Thanks, for the info,very enlightening and something I will keep an eye on. I,ve just had a transplant [ 4 weeks 2day] tests next week so I,II see where I,m at. Thanks again.
Michael

My nephrologist and literature I have read talk about the importance of going light on red meat, that the kidneys have trouble processing red meat. Chicken, fish, pork have been staples on my diet. However, the nephrologist did not mean to eliminate it altogether. Maybe once or twice a week, max. I have one kidney so pay attention to all the caveats. Has been holding well for close to ten years, but luckily my numbers have been low and I only started Revlimid two months ago.
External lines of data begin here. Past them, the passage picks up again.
corollary bollobas_card_le:
  assumes "finite I"
    and "\<And>i. i \<in> I \<Longrightarrow> finite (A i) \<and> finite (B i) \<and> card (A i) = a \<and> card (B i) = b \<and> A i \<inter> B i = {}"
    and "\<And>i j. i \<in> I \<Longrightarrow> j \<in> I \<Longrightarrow> i \<noteq> j \<Longrightarrow> A i \<inter> B j \<noteq> {}"
  shows "card I \<le> (a + b) choose a"
proof -
  have "real (card I) / real ((a + b) choose a)
        = (\<Sum>i\<in>I. 1 / real ((card (A i) + card (B i)) choose card (A i)))"
    using assms(2) by simp
  also have "\<dots> \<le> 1"
  proof (rule bollobas_inequality)
    show "finite (\<Union>i\<in>I. A i \<union> B i)" using assms(1,2) by blast
    show "A i \<subseteq> (\<Union>i\<in>I. A i \<union> B i) \<and> B i \<subseteq> (\<Union>i\<in>I. A i \<union> B i) \<and> A i \<inter> B i = {}"
      if "i \<in> I" for i
      using assms(2) that by blast
  qed (use assms(1,3) in auto)
  finally show ?thesis by (simp add: divide_le_eq)
qed

corollary bollobas_card_le_symmetric:
  assumes "finite W" "r \<ge> 1"
    and "\<And>u. u \<in> W \<Longrightarrow> finite (F u) \<and> finite (G u) \<and> card (F u) = r \<and> card (G u) = r \<and> F u \<inter> G u = {}"
    and "\<And>u u'. u \<in> W \<Longrightarrow> u' \<in> W \<Longrightarrow> u \<noteq> u' \<Longrightarrow>
           F u \<inter> F u' \<noteq> {} \<and> F u \<inter> G u' \<noteq> {} \<and> G u \<inter> G u' \<noteq> {}"
  shows "2 * card W \<le> (2 * r) choose r"
proof -
  define A where "A = (\<lambda>(u, b). if b then F u else G u)"
  define B where "B = (\<lambda>(u, b). if b then G u else F u)"
  have "card (W \<times> (UNIV :: bool set)) \<le> (r + r) choose r"
  proof (rule bollobas_card_le)
    show "finite (W \<times> (UNIV :: bool set))" using assms(1) by simp
    show "finite (A i) \<and> finite (B i) \<and> card (A i) = r \<and> card (B i) = r \<and> A i \<inter> B i = {}"
      if i: "i \<in> W \<times> UNIV" for i
    proof -
      obtain u b where "i = (u, b)" "u \<in> W" using i by auto
      then show ?thesis using assms(3)[of u] unfolding A_def B_def by (cases b) (auto simp: Int_commute)
    qed
    show "A i \<inter> B j \<noteq> {}" if ij: "i \<in> W \<times> UNIV" "j \<in> W \<times> UNIV" "i \<noteq> j" for i j
    proof -
      obtain u b u' b' where uv: "i = (u, b)" "j = (u', b')" "u \<in> W" "u' \<in> W" using ij(1,2) by auto
      show ?thesis
      proof (cases "u = u'")
        case True
        then have "B j = A i" using ij(3) unfolding uv A_def B_def by auto
        moreover have "A i \<noteq> {}"
          using assms(2) assms(3)[OF uv(3)] unfolding uv(1) A_def by auto
        ultimately show ?thesis by simp
      next
        case False
        then show ?thesis
          using assms(4)[OF uv(3,4)] assms(4)[OF uv(4,3)] unfolding uv A_def B_def by (auto simp: Int_commute)
      qed
    qed
  qed
  then show ?thesis by (simp add: card_cartesian_product mult_2)
qed

lemma card_matching_edges_meeting_le:
  assumes "is_matching F" "finite e"
  shows "card {f\<in>F. f \<inter> e \<noteq> {}} \<le> card e"
proof -
  let ?F = "{f\<in>F. f \<inter> e \<noteq> {}}"
  let ?pick = "\<lambda>f. SOME x. x \<in> f \<inter> e"
  have pick: "?pick f \<in> f \<inter> e" if "f \<in> ?F" for f
  proof -
    from that obtain x where "x \<in> f \<inter> e" by blast
    then show ?thesis by (rule someI)
  qed
  have "inj_on ?pick ?F"
  proof (rule inj_onI)
    fix f g assume "f \<in> ?F" "g \<in> ?F" "?pick f = ?pick g"
    then have "f \<inter> g \<noteq> {}" using pick[of f] pick[of g] by auto
    with \<open>f \<in> ?F\<close> \<open>g \<in> ?F\<close> show "f = g"
      using assms(1) unfolding is_matching_def by auto
  qed
  moreover have "?pick ` ?F \<subseteq> e" using pick by auto
  ultimately show ?thesis using assms(2) by (rule card_inj_on_le)
qed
Light dose.
Ed

Hi Ed,

Your post is most helpful because my husband also has one kidney. He was diagnosed with multiple myeloma in January of this year, and has been receiving both Velcade and Dexamethasone for treatment. While his kidney function was fine at the time of diagnosis, just last week his creatinine level shot up to 3.3. Tomorrow we see a nephrologist for the first time. I am interested in knowing if any of your doctors, particularly the nephrologist, have expressed more concern over the one kidney. Are the precautions more tighter, or does a single kidney have any bearing on outcomes? Good to hear you have a good ten years before starting on Revlimid. Thanks Ed for any info you can share.